## THE TASK
Print word for word the first line of the records below and every following line through the one containing "mult I \<longleftrightarrow>"; print nothing else.

***** INFORMATION PROVIDED

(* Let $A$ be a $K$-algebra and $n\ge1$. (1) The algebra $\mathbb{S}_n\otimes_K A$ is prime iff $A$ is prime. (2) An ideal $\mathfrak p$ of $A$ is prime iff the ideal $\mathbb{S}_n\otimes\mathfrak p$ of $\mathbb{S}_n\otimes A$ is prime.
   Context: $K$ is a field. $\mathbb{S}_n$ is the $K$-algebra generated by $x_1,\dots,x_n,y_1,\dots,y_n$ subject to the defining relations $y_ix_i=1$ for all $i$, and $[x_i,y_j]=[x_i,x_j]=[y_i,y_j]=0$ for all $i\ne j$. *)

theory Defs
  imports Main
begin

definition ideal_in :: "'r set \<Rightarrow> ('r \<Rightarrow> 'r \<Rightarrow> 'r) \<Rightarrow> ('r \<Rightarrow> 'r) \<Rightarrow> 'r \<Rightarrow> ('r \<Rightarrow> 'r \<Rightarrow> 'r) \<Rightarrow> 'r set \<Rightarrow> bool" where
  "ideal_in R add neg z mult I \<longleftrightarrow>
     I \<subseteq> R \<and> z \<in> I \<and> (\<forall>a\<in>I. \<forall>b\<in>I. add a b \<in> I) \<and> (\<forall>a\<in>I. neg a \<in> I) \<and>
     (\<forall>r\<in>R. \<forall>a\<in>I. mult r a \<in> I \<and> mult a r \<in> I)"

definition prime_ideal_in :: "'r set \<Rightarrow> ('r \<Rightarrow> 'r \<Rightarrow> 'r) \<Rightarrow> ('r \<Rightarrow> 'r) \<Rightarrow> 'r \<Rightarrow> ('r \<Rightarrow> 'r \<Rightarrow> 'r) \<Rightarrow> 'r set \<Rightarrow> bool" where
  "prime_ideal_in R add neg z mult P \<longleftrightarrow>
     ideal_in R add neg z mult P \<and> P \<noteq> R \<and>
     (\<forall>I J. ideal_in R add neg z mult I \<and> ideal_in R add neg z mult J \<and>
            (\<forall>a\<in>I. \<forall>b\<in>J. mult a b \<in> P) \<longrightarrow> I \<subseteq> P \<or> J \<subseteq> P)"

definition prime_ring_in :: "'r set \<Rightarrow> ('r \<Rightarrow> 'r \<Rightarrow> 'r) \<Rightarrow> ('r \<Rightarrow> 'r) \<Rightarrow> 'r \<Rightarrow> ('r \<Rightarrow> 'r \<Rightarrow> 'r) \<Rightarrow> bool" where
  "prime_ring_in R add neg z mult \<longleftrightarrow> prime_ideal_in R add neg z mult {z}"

**********

## EXERCISE RESPONSE
(* Let $A$ be a $K$-algebra and $n\ge1$. (1) The algebra $\mathbb{S}_n\otimes_K A$ is prime iff $A$ is prime. (2) An ideal $\mathfrak p$ of $A$ is prime iff the ideal $\mathbb{S}_n\otimes\mathfrak p$ of $\mathbb{S}_n\otimes A$ is prime.
   Context: $K$ is a field. $\mathbb{S}_n$ is the $K$-algebra generated by $x_1,\dots,x_n,y_1,\dots,y_n$ subject to the defining relations $y_ix_i=1$ for all $i$, and $[x_i,y_j]=[x_i,x_j]=[y_i,y_j]=0$ for all $i\ne j$. *)

theory Defs
  imports Main
begin

definition ideal_in :: "'r set \<Rightarrow> ('r \<Rightarrow> 'r \<Rightarrow> 'r) \<Rightarrow> ('r \<Rightarrow> 'r) \<Rightarrow> 'r \<Rightarrow> ('r \<Rightarrow> 'r \<Rightarrow> 'r) \<Rightarrow> 'r set \<Rightarrow> bool" where
  "ideal_in R add neg z mult I \<longleftrightarrow>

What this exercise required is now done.